Surge protectors are relatively simple devices, yet must be properly selected and applied to function. There are a couple of essential things to keep in mind when selecting surge protectors.
First, the operating voltage of the system is important. Surge protectors are voltage-sensitive switches and must not clamp the system’s normal voltage. The surge protector clamp voltage must be higher than the system voltage. For example, a 24-volt DC system voltage usually uses a 30-volt surge protector.
Second, some surge protectors have an input side and an output side. If installed backwards, they will fail prematurely.
The following sections address some issues for surge protectors commonly used to protect Building Control systems.
Grounding is often misunderstood when it comes to the proper installation of surge protectors. This can seriously affect the performance of protection systems and lead to damage electronics.
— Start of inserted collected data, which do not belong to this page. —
(* Let $P$ be a profile of linear orders on a finite set $A$ which is single-crossing with respect to some tree on its voter set. Then every subprofile of $P$ is single-crossing with respect to some tree on its own voter set if and only if $P$ is single-crossing with respect to a line (a path graph on the voter set).
   Context: A profile assigns a linear order on $A$ to each voter in a finite voter set; a subprofile is the restriction of the profile to a nonempty subset of voters. Voter $i$ prefers $a$ to $b$ is written $a\succ_i b$. Given a tree $T=(V,E)$ on the voter set, the profile is single-crossing with respect to $T$ if for every pair of distinct alternatives $a,b$ one of the following holds: (i) there is an edge $e\in E$ such that, removing $e$ from $T$, the two resulting subtrees have vertex sets $V_1,V_2$ with all voters in $V_1$ preferring $a$ to $b$ and all voters in $V_2$ preferring $b$ to $a$; or (ii) all voters prefer $a$ to $b$, or all voters prefer $b$ to $a$. *)

theory Defs
  imports Main
begin

(* A profile on voter set V over alternatives A: P i a b means "a \<succ>_i b".
   Each voter's preference is a (strict) linear order on A. *)
definition is_profile :: "'v set \<Rightarrow> 'a set \<Rightarrow> ('v \<Rightarrow> 'a \<Rightarrow> 'a \<Rightarrow> bool) \<Rightarrow> bool" where
  "is_profile V A P \<longleftrightarrow>
     (\<forall>i\<in>V. (\<forall>a\<in>A. \<not> P i a a)
           \<and> (\<forall>a\<in>A. \<forall>b\<in>A. \<forall>c\<in>A. P i a b \<longrightarrow> P i b c \<longrightarrow> P i a c)
           \<and> (\<forall>a\<in>A. \<forall>b\<in>A. a \<noteq> b \<longrightarrow> P i a b \<or> P i b a))"

definition adj :: "'v set set \<Rightarrow> ('v \<times> 'v) set" where
  "adj E = {(u, w). {u, w} \<in> E}"

definition graph_on :: "'v set \<Rightarrow> 'v set set \<Rightarrow> bool" where
  "graph_on V E \<longleftrightarrow> (\<forall>e\<in>E. e \<subseteq> V \<and> card e = 2)"

definition connected_graph :: "'v set \<Rightarrow> 'v set set \<Rightarrow> bool" where
  "connected_graph V E \<longleftrightarrow> (\<forall>u\<in>V. \<forall>w\<in>V. (u, w) \<in> (adj E)\<^sup>*)"

definition is_tree :: "'v set \<Rightarrow> 'v set set \<Rightarrow> bool" where
  "is_tree V E \<longleftrightarrow> graph_on V E \<and> connected_graph V E
     \<and> (\<forall>u w. {u, w} \<in> E \<longrightarrow> (u, w) \<notin> (adj (E - {{u, w}}))\<^sup>*)"

definition is_line :: "'v set \<Rightarrow> 'v set set \<Rightarrow> bool" where
  "is_line V E \<longleftrightarrow> (\<exists>f n. bij_betw f {..<n} V \<and> E = {{f j, f (Suc j)} | j. Suc j < n})"

definition side :: "'v set set \<Rightarrow> 'v set \<Rightarrow> 'v \<Rightarrow> 'v set" where
  "side E e u = {x. (u, x) \<in> (adj (E - {e}))\<^sup>*}"

definition single_crossing_wrt :: "'v set \<Rightarrow> 'a set \<Rightarrow> ('v \<Rightarrow> 'a \<Rightarrow> 'a \<Rightarrow> bool) \<Rightarrow> 'v set set \<Rightarrow> bool" where
  "single_crossing_wrt V A P E \<longleftrightarrow>
     (\<forall>a\<in>A. \<forall>b\<in>A. a \<noteq> b \<longrightarrow>
        (\<exists>u w. {u, w} \<in> E
            \<and> (\<forall>i\<in>side E {u, w} u. P i a b)
            \<and> (\<forall>i\<in>side E {u, w} w. P i b a))
        \<or> (\<forall>i\<in>V. P i a b) \<or> (\<forall>i\<in>V. P i b a))"

definition single_crossing_tree :: "'v set \<Rightarrow> 'a set \<Rightarrow> ('v \<Rightarrow> 'a \<Rightarrow> 'a \<Rightarrow> bool) \<Rightarrow> bool" where
  "single_crossing_tree V A P \<longleftrightarrow> (\<exists>E. is_tree V E \<and> single_crossing_wrt V A P E)"

definition single_crossing_line :: "'v set \<Rightarrow> 'a set \<Rightarrow> ('v \<Rightarrow> 'a \<Rightarrow> 'a \<Rightarrow> bool) \<Rightarrow> bool" where
  "single_crossing_line V A P \<longleftrightarrow> (\<exists>E. is_line V E \<and> single_crossing_wrt V A P E)"

end

theory Submission
  imports Defs
begin

(*
  Voter y lies between x and z when it agrees with every pairwise comparison on which x and z
  agree; for linear orders this says that the set of ordered pairs on which x and y disagree is
  contained in the one for x and z. If all subprofiles are single-crossing on trees, then among
  any three voters one lies between the other two, since otherwise all three would be leaves of
  a three-vertex tree. A single-crossing tree also excludes a "square" (two pairs of alternatives
  splitting four voters in crossing ways), because the sides of two tree edges never cross.
  Take v, w at maximal disagreement: every voter lies between them, and the absence of squares
  forces the disagreement sets seen from v to form a chain. Ordering the voters along that chain
  gives a line along which each pair of alternatives switches at most once. Conversely, the
  order of a single-crossing line restricts to any subset of voters.
*)

section \<open>Sides of tree edges\<close>

lemma sym_adj: "sym (adj E)"
  by (auto simp: adj_def sym_def insert_commute)

lemma adj_rtrancl_sym: "(x, y) \<in> (adj E)\<^sup>* \<Longrightarrow> (y, x) \<in> (adj E)\<^sup>*"
  using sym_rtrancl[OF sym_adj] by (rule symD)

lemma adj_rtrancl_mono: "E \<subseteq> E' \<Longrightarrow> (x, y) \<in> (adj E)\<^sup>* \<Longrightarrow> (x, y) \<in> (adj E')\<^sup>*"
  by (rule subsetD[OF rtrancl_mono, rotated]) (auto simp: adj_def)

lemma graph_on_edgeD:
  assumes "graph_on V E" "{u, w} \<in> E"
  shows "u \<in> V" "w \<in> V" "u \<noteq> w"
  using assms by (auto simp: graph_on_def)

lemma graph_on_edge_through:
  assumes "graph_on V E" "e \<in> E" "y \<in> e"
  obtains t where "e = {y, t}" "t \<noteq> y"
proof -
  obtain s t where "e = {s, t}" "s \<noteq> t"
    using assms unfolding graph_on_def by (meson card_2_iff)
  with assms(3) that show ?thesis by (auto simp: insert_commute)
qed

lemma side_self: "u \<in> side E e u"
  by (simp add: side_def)

lemma side_subset:
  assumes "graph_on V E" "u \<in> V"
  shows "side E e u \<subseteq> V"
proof
  fix x assume "x \<in> side E e u"
  then have "(u, x) \<in> (adj (E - {e}))\<^sup>*" by (simp add: side_def)
  then show "x \<in> V"
    by (induction rule: rtrancl_induct) (use assms in \<open>auto simp: adj_def graph_on_def\<close>)
qed

lemma side_cover:
  assumes "connected_graph V E" "{u, w} \<in> E" "u \<in> V" "x \<in> V"
  shows "x \<in> side E {u, w} u \<or> x \<in> side E {u, w} w"
proof -
  have "(u, x) \<in> (adj E)\<^sup>*"
    using assms unfolding connected_graph_def by blast
  then show ?thesis
  proof (induction rule: rtrancl_induct)
    case base
    then show ?case by (simp add: side_self)
  next
    case (step y z)
    show ?case
    proof (cases "{y, z} = {u, w}")
      case True
      then have "z = u \<or> z = w" by (metis doubleton_eq_iff)
      then show ?thesis using side_self[of u E "{u, w}"] side_self[of w E "{u, w}"] by blast
    next
      case False
      then have "(y, z) \<in> adj (E - {{u, w}})"
        using step.hyps(2) by (simp add: adj_def)
      then have "z \<in> side E {u, w} r" if "y \<in> side E {u, w} r" for r
        using that unfolding side_def by (simp add: rtrancl.rtrancl_into_rtrancl)
      then show ?thesis
        using step.IH by blast
    qed
  qed
qed

lemma side_disjoint:
  assumes "is_tree V E" "{u, w} \<in> E"
  shows "side E {u, w} u \<inter> side E {u, w} w = {}"
proof -
  have "(u, w) \<notin> (adj (E - {{u, w}}))\<^sup>*"
    using assms unfolding is_tree_def by blast
  moreover have "(u, w) \<in> (adj (E - {{u, w}}))\<^sup>*"
    if "(u, x) \<in> (adj (E - {{u, w}}))\<^sup>*" "(w, x) \<in> (adj (E - {{u, w}}))\<^sup>*" for x
    using rtrancl_trans[OF that(1) adj_rtrancl_sym[OF that(2)]] .
  ultimately show ?thesis
    unfolding side_def by blast
qed

lemma tree_side_complement:
  assumes "is_tree V E" "{u, w} \<in> E"
  shows "side E {u, w} w = V - side E {u, w} u"
proof -
  have V: "graph_on V E" "connected_graph V E"
    using assms(1) unfolding is_tree_def by auto
  have "u \<in> V" "w \<in> V"
    using graph_on_edgeD[OF V(1) assms(2)] by auto
  have "V \<subseteq> side E {u, w} u \<union> side E {u, w} w"
    using side_cover[OF V(2) assms(2) \<open>u \<in> V\<close>] by blast
  moreover have "side E {u, w} w \<subseteq> V"
    using side_subset[OF V(1) \<open>w \<in> V\<close>] .
  ultimately show ?thesis
    using side_disjoint[OF assms] by blast
qed

lemma tree_side_nested:
  assumes T: "is_tree V E" and e: "{u, w} \<in> E" and e': "{s, t} \<in> E" and ne: "{u, w} \<noteq> {s, t}"
    and ut: "u \<in> side E {s, t} t" and wt: "w \<in> side E {s, t} t"
    and sz: "s \<in> side E {u, w} z"
  shows "side E {s, t} s \<subseteq> side E {u, w} z"
proof
  fix x assume "x \<in> side E {s, t} s"
  then have "(s, x) \<in> (adj (E - {{s, t}}))\<^sup>*" by (simp add: side_def)
  then have "(s, x) \<in> (adj (E - {{s, t}} - {{u, w}}))\<^sup>*"
  proof (induction rule: rtrancl_induct)
    case base
    then show ?case by simp
  next
    case (step y x)
    show ?case
    proof (cases "{y, x} = {u, w}")
      case True
      \<comment> \<open>then s would reach t without the edge {s, t}, through u or w\<close>
      then have "(t, y) \<in> (adj (E - {{s, t}}))\<^sup>*"
        using ut wt by (auto simp: side_def doubleton_eq_iff)
      moreover have "(s, y) \<in> (adj (E - {{s, t}}))\<^sup>*"
        using adj_rtrancl_mono[OF _ step.IH] by blast
      ultimately have "(s, t) \<in> (adj (E - {{s, t}}))\<^sup>*"
        by (meson adj_rtrancl_sym rtrancl_trans)
      then show ?thesis
        using T e' unfolding is_tree_def by blast
    next
      case False
      then have "(y, x) \<in> adj (E - {{s, t}} - {{u, w}})"
        using step.hyps(2) by (simp add: adj_def)
      with step.IH show ?thesis by (rule rtrancl.rtrancl_into_rtrancl)
    qed
  qed
  then have "(s, x) \<in> (adj (E - {{u, w}}))\<^sup>*"
    by (rule adj_rtrancl_mono[rotated]) blast
  with sz show "x \<in> side E {u, w} z"
    unfolding side_def by (simp add: rtrancl_trans)
qed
Here is a basic concept for surge protection systems that works!
The protective zone is an imaginary circle drawn around and encompassing electronic equipment items that are located in close proximity to each other. Everything passing through the imaginary circle should be commonly grounded and should have surge protection.
This is a common ground point, or node, used in the Protection Zone to bond all ground references inside the zone together.
The Protection Window
The protection zone window is a hypothetical “small opening” in the zone through which all electrical conductors enter or leave. The window is located at the ground window.
Surge currents passing through a ground conductor generate a voltage across the conductor. This is primarily due to the inductance of the wire. Inductance is highly dependent on conductor length. It is, therefore, very important to keep suppressor ground wires to the SPG very short. The figure below illustrates a typical installation of equipment within a small area, such as an equipment room. There are three problems associated with the installation depicted in the figure.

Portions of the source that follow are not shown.